Hutchison was born in 1897 (per his birth certificate, though some sources suggest an 1891 date, see Mr. Scott’s comment below) in Logan County, West Virginia.  He made his living working in the coal mines, but was also a versatile musician, skilled in guitar, which he frequently played using a slide, harmonica, and vocals.  In September of 1926, Hutchison made his first recordings for the Okeh Phonograph Company, starting with one of his most famous numbers, “Worried Blues”.  From 1926 to 1929, Hutchison cut forty-one sides, all for Okeh, and appeared on Okeh’s “Medicine Show” a set of records highlighting Okeh’s top hillbilly artists, much like Columbia’s “A Corn Licker Still in Georgia” series, and so forth.  After making his records and ending his work in the coal mines, he opened a store and served as postmaster of Lake, West Virginia.  Tragically, Hutchison lost everything and became an alcoholic when the store burned down.  He later relocated to Ohio and worked as a musician on riverboats.  Hutchison died of liver disease in 1945.

Okeh 45313 was recorded September 10 and 11, 1928 in New York City by Frank Hutchison.  These were Hutchison’s only sessions in 1928, and the latter was his second to last session overall.

As were a great many of Hutchison’s recordings, the humorous “The Burglar Man”—an old time song also recorded by the likes of Uncle Dave Macon—is nothing short of a guitar masterpiece.  This side was recorded on the latter date.

The Burglar Man, recorded

The Burglar Man, recorded September 11, 1928 by Frank Hutchison.
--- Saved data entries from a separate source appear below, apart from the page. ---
(* Let $n\ge5$, let $G$ and $H$ be non-trivial groups, let $\sigma\colon G\to S_n$ be a surjective homomorphism, and let $W=H\wr_\sigma G=H^n\rtimes_\sigma G$. Then the following are equivalent: ($\ast$) every abelian normal subgroup of $W$ is contained in $H^n$ (identified with $\{(\mathbf h,1)\}$); ($\ast\ast$) $\ker\sigma$ contains no non-trivial abelian normal subgroup of $G$.
   Context: For $n\ge2$, groups $G,H$ and a homomorphism $\sigma\colon G\to S_n$, $H\wr_\sigma G=H^n\rtimes_\sigma G$ is the semidirect product in which $G$ acts on $H^n$ by permuting coordinates through $\sigma$: $g\cdot(h_1,\dots,h_n)=(h_{\sigma(g)(1)},\dots,h_{\sigma(g)(n)})$ (with the composition convention in $S_n$ making this a left action); elements are pairs $(\mathbf h,g)$ with $(\mathbf h,g)(\mathbf k,x)=(\mathbf h\cdot g\mathbf k,gx)$. *)

theory Defs
  imports "HOL-Algebra.Algebra"
begin

text \<open>Since sym_group composes as functions, the left action of g on H^n is
  (g \<cdot> k) i = k ((sigma g)^-1 i).\<close>

definition wr_act :: "('b, 'd) monoid_scheme \<Rightarrow> nat \<Rightarrow> ('a \<Rightarrow> nat \<Rightarrow> nat) \<Rightarrow> 'a \<Rightarrow> (nat \<Rightarrow> 'b) \<Rightarrow> (nat \<Rightarrow> 'b)"
  where "wr_act H n \<sigma> g k = (\<lambda>i\<in>{1..n}. k (Hilbert_Choice.inv (\<sigma> g) i))"

definition wreath :: "('b, 'd) monoid_scheme \<Rightarrow> nat \<Rightarrow> ('a, 'c) monoid_scheme \<Rightarrow> ('a \<Rightarrow> nat \<Rightarrow> nat)
    \<Rightarrow> ((nat \<Rightarrow> 'b) \<times> 'a) monoid"
  where "wreath H n G \<sigma> =
    \<lparr> carrier = ({1..n} \<rightarrow>\<^sub>E carrier H) \<times> carrier G,
      monoid.mult = (\<lambda>(h, g) (k, x). ((\<lambda>i\<in>{1..n}. h i \<otimes>\<^bsub>H\<^esub> wr_act H n \<sigma> g k i), g \<otimes>\<^bsub>G\<^esub> x)),
      monoid.one = ((\<lambda>i\<in>{1..n}. \<one>\<^bsub>H\<^esub>), \<one>\<^bsub>G\<^esub>) \<rparr>"

definition wr_base :: "('b, 'd) monoid_scheme \<Rightarrow> nat \<Rightarrow> ('a, 'c) monoid_scheme \<Rightarrow> ((nat \<Rightarrow> 'b) \<times> 'a) set"
  where "wr_base H n G = ({1..n} \<rightarrow>\<^sub>E carrier H) \<times> {\<one>\<^bsub>G\<^esub>}"

end

theory Submission
  imports Defs
begin

text \<open>The projection \<open>W \<rightarrow> G\<close> is a surjective homomorphism with kernel the base \<open>H\<^sup>n\<close>. An abelian
  normal subgroup of \<open>W\<close> therefore projects to an abelian normal subgroup of \<open>G\<close>, and further via
  \<open>\<sigma>\<close> to one of \<open>S\<^sub>n\<close>, which is trivial for \<open>n \<ge> 5\<close>. So the projection lies in \<open>ker \<sigma>\<close>, and
  under (\<open>**\<close>) it is trivial, i.e. the subgroup lies in \<open>H\<^sup>n\<close>. Conversely \<open>G\<close> embeds in \<open>W\<close> as
  \<open>{(1, g)}\<close>; for \<open>g \<in> ker \<sigma>\<close> conjugation by \<open>(h, x)\<close> sends \<open>(1, g)\<close> to \<open>(1, x g x\<inverse>)\<close>, so an abelian
  normal \<open>N \<subseteq> ker \<sigma>\<close> embeds as an abelian normal subgroup of \<open>W\<close> meeting \<open>H\<^sup>n\<close> trivially.\<close>

lemma ex_in_atLeastAtMost_notin_set:
  assumes "length xs < n"
  shows "\<exists>x\<in>{1..n}. x \<notin> set xs"
proof (rule ccontr)
  assume "\<not> ?thesis"
  then have "card {1..n} \<le> card (set xs)"
    by (intro card_mono) auto
  with card_length[of xs] assms show False
    by simp
qed

lemma abelian_normal_sym_group_fixpoint_imp_id:
  assumes K: "K \<lhd> sym_group n"
    and comm: "\<forall>p\<in>K. \<forall>q\<in>K. p \<otimes>\<^bsub>sym_group n\<^esub> q = q \<otimes>\<^bsub>sym_group n\<^esub> p"
    and p: "p \<in> K" and fixed: "p c = c" "c \<in> {1..n}"
  shows "p = id"
proof (rule ccontr)
  assume "p \<noteq> id"
  then obtain a where a: "p a \<noteq> a"
    by (auto simp: fun_eq_iff)
  have perm: "p permutes {1..n}"
    using K p normal_imp_subgroup subgroup.subset sym_group_carrier by blast
  \<comment> \<open>\<open>p\<close> commutes with its conjugate by \<open>t\<close>; evaluating both products at \<open>a\<close> gives \<open>c = p a\<close>.\<close>
  define t where "t = transpose (p a) c"
  have "t permutes {1..n}"
    unfolding t_def using perm a fixed by (metis permutes_in_image permutes_not_in permutes_swap_id)
  then have "t \<circ> p \<circ> t \<in> K"
    using normal.inv_op_closed2[OF K, of t p] p by (simp add: sym_group_carrier sym_group_mult t_def)
  then have "p \<circ> (t \<circ> p \<circ> t) = (t \<circ> p \<circ> t) \<circ> p"
    using comm p by (simp add: sym_group_mult)
  then have "p (t (p (t a))) = t (p (t (p a)))"
    by (metis comp_apply)
  moreover have "c \<noteq> a" "c \<noteq> p a"
    using a fixed perm by (auto dest: permutes_inj injD)
  ultimately show False
    using a fixed by (simp add: t_def)
qed

lemma abelian_normal_subgroup_sym_group_trivial:
  assumes n: "n \<ge> 5" and K: "K \<lhd> sym_group n"
    and comm: "\<forall>p\<in>K. \<forall>q\<in>K. p \<otimes>\<^bsub>sym_group n\<^esub> q = q \<otimes>\<^bsub>sym_group n\<^esub> p"
  shows "K = {id}"
proof -
  interpret K: subgroup K "sym_group n"
    by (rule normal_imp_subgroup[OF K])
  have "p = id" if p: "p \<in> K" for p
  proof (rule ccontr)
    assume "p \<noteq> id"
    then obtain a where a: "p a \<noteq> a"
      by (auto simp: fun_eq_iff)
    have perm: "p permutes {1..n}"
      using K.subset p by (auto simp: sym_group_carrier)
    obtain c where c: "c \<in> {1..n}" "c \<notin> set [a, p a]"
      using ex_in_atLeastAtMost_notin_set[of "[a, p a]" n] n by auto
    obtain e where e: "e \<in> {1..n}" "e \<notin> set [a, p a, c, p c]"
      using ex_in_atLeastAtMost_notin_set[of "[a, p a, c, p c]" n] n by auto
    have "p c \<noteq> c"
      using abelian_normal_sym_group_fixpoint_imp_id[OF K comm p _ c(1)] \<open>p \<noteq> id\<close> by blast
    define t where "t = transpose c e"
    define q where "q = t \<circ> p \<circ> t"
    have "t permutes {1..n}"
      unfolding t_def using c e by (simp add: permutes_swap_id)
    then have q: "q \<in> K"
      using normal.inv_op_closed2[OF K, of t p] p by (simp add: sym_group_carrier sym_group_mult q_def t_def)
    then have q_perm: "q permutes {1..n}"
      using K.subset by (auto simp: sym_group_carrier)
    \<comment> \<open>\<open>q\<close> agrees with \<open>p\<close> at \<open>a\<close>, so \<open>inv' q \<circ> p\<close> has a fixed point and \<open>p = q\<close>; but \<open>q c \<noteq> p c\<close>.\<close>
    have "q a = p a"
      using a c e by (simp add: q_def t_def)
    have "inv' q \<circ> p \<in> K"
      using K.m_closed[OF K.m_inv_closed[OF q] p] q_perm by (simp add: sym_group_carrier sym_group_mult)
    moreover have "(inv' q \<circ> p) a = a"
      using permutes_inverses(2)[OF q_perm, of a] by (simp add: \<open>q a = p a\<close>)
    moreover have "a \<in> {1..n}"
      using perm a by (meson permutes_not_in)
    ultimately have "inv' q \<circ> p = id"
      by (intro abelian_normal_sym_group_fixpoint_imp_id[OF K comm])
    have "p = q \<circ> inv' q \<circ> p"
      by (simp add: permutes_inv_o(1)[OF q_perm])
    also have "\<dots> = q"
      by (simp add: comp_assoc \<open>inv' q \<circ> p = id\<close>)
    finally have "p = q" .
    moreover have "q c \<noteq> p c"
    proof -
      have "p e \<noteq> p c"
        using e permutes_inj[OF perm] by (auto dest: injD)
      then show ?thesis
        using c e \<open>p c \<noteq> c\<close> by (auto simp: q_def t_def transpose_def)
    qed
    ultimately show False
      by simp
  qed
  then show ?thesis
    using K.one_closed by (auto simp: sym_group_one)
qed

lemma (in group_hom) img_commuting:
  assumes "A \<subseteq> carrier G" and "\<forall>x\<in>A. \<forall>y\<in>A. x \<otimes>\<^bsub>G\<^esub> y = y \<otimes>\<^bsub>G\<^esub> x"
  shows "\<forall>x\<in>h ` A. \<forall>y\<in>h ` A. x \<otimes>\<^bsub>H\<^esub> y = y \<otimes>\<^bsub>H\<^esub> x"
proof (intro ballI)
  fix x y
  assume "x \<in> h ` A" "y \<in> h ` A"
  then obtain a b where "a \<in> A" "b \<in> A" "x = h a" "y = h b"
    by blast
  then show "x \<otimes>\<^bsub>H\<^esub> y = y \<otimes>\<^bsub>H\<^esub> x"
    using assms by (metis hom_mult subsetD)
qed

locale wreath_product = G: group G + H: group H
  for G :: "('a, 'c) monoid_scheme" and H :: "('b, 'd) monoid_scheme" +
  fixes n :: nat and \<sigma> :: "'a \<Rightarrow> nat \<Rightarrow> nat"
  assumes perm_hom: "\<sigma> \<in> hom G (sym_group n)"
begin

sublocale \<sigma>: group_hom G "sym_group n" \<sigma>
  using perm_hom by (simp add: group_hom_def group_hom_axioms_def sym_group_is_group)

abbreviation W where "W \<equiv> wreath H n G \<sigma>"
abbreviation act where "act \<equiv> wr_act H n \<sigma>"

definition base_group :: "(nat \<Rightarrow> 'b) monoid"
  where "base_group = product_group {1..n} (\<lambda>_. H)"

sublocale B: group base_group
  by (simp add: base_group_def)

lemma sigma_permutes: "g \<in> carrier G \<Longrightarrow> \<sigma> g permutes {1..n}"
  using \<sigma>.hom_closed by (simp add: sym_group_carrier)

\<comment> \<open>Used as \<open>[simplified]\<close>: the simplifier rewrites \<open>i \<in> {1..n}\<close> to \<open>Suc 0 \<le> i \<and> i \<le> n\<close>.\<close>
lemma inv_sigma_in_range: "g \<in> carrier G \<Longrightarrow> i \<in> {1..n} \<Longrightarrow> inv' (\<sigma> g) i \<in> {1..n}"
  by (meson sigma_permutes permutes_in_image permutes_inv)

lemma act_closed: "g \<in> carrier G \<Longrightarrow> k \<in> carrier base_group \<Longrightarrow> act g k \<in> carrier base_group"
  by (auto simp: wr_act_def base_group_def inv_sigma_in_range[simplified] PiE_iff)

lemma act_mult:
  assumes "g \<in> carrier G" "x \<in> carrier G"
  shows "act (g \<otimes>\<^bsub>G\<^esub> x) k = act g (act x k)"
proof -
  have "inv' (\<sigma> (g \<otimes>\<^bsub>G\<^esub> x)) = inv' (\<sigma> x) \<circ> inv' (\<sigma> g)"
    using assms permutes_bij[OF sigma_permutes] by (simp add: sym_group_mult o_inv_distrib)
  then show ?thesis
    using assms by (auto simp: wr_act_def inv_sigma_in_range[simplified])
qed

lemma act_one: "k \<in> carrier base_group \<Longrightarrow> act \<one>\<^bsub>G\<^esub> k = k"
  by (auto simp: wr_act_def base_group_def sym_group_one PiE_iff extensional_def fun_eq_iff)

lemma act_hom_mult: "g \<in> carrier G \<Longrightarrow> act g (k \<otimes>\<^bsub>base_group\<^esub> l) = act g k \<otimes>\<^bsub>base_group\<^esub> act g l"
  by (auto simp: wr_act_def base_group_def inv_sigma_in_range[simplified] fun_eq_iff)

lemma act_hom_one: "g \<in> carrier G \<Longrightarrow> act g \<one>\<^bsub>base_group\<^esub> = \<one>\<^bsub>base_group\<^esub>"
  by (auto simp: wr_act_def base_group_def inv_sigma_in_range[simplified] fun_eq_iff)

lemma act_kernel:
  assumes "x \<in> carrier G" "g \<in> kernel G (sym_group n) \<sigma>"
  shows "act (x \<otimes>\<^bsub>G\<^esub> g) k = act x k"
  using assms \<sigma>.hom_mult[of x g] by (simp add: kernel_def wr_act_def sym_group_one sym_group_mult)

lemma carrier_wreath: "carrier W = carrier base_group \<times> carrier G"
  by (simp add: wreath_def base_group_def)

lemma one_wreath: "\<one>\<^bsub>W\<^esub> = (\<one>\<^bsub>base_group\<^esub>, \<one>\<^bsub>G\<^esub>)"
  by (simp add: wreath_def base_group_def)

lemma mult_wreath: "(h, g) \<otimes>\<^bsub>W\<^esub> (k, x) = (h \<otimes>\<^bsub>base_group\<^esub> act g k, g \<otimes>\<^bsub>G\<^esub> x)"
  by (simp add: wreath_def base_group_def)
On his rendition of the old minstrel song “Alabama Girl, Ain’t You Comin’ Out Tonight?”, Hutchison is joined by Sherman Lawson on fiddle.  This one is one of three issued Hutchison sides to feature Lawson.  This side was recorded on the September 10 date.

Alabama Girl, Ain't You Comin' Out To-Night, recorded

Alabama Girl, Ain’t You Comin’ Out Tonight, recorded September 10, 1928 by Frank Hutchison.

Updated with improved audio on September 11, 2017, and on October 29, 2017.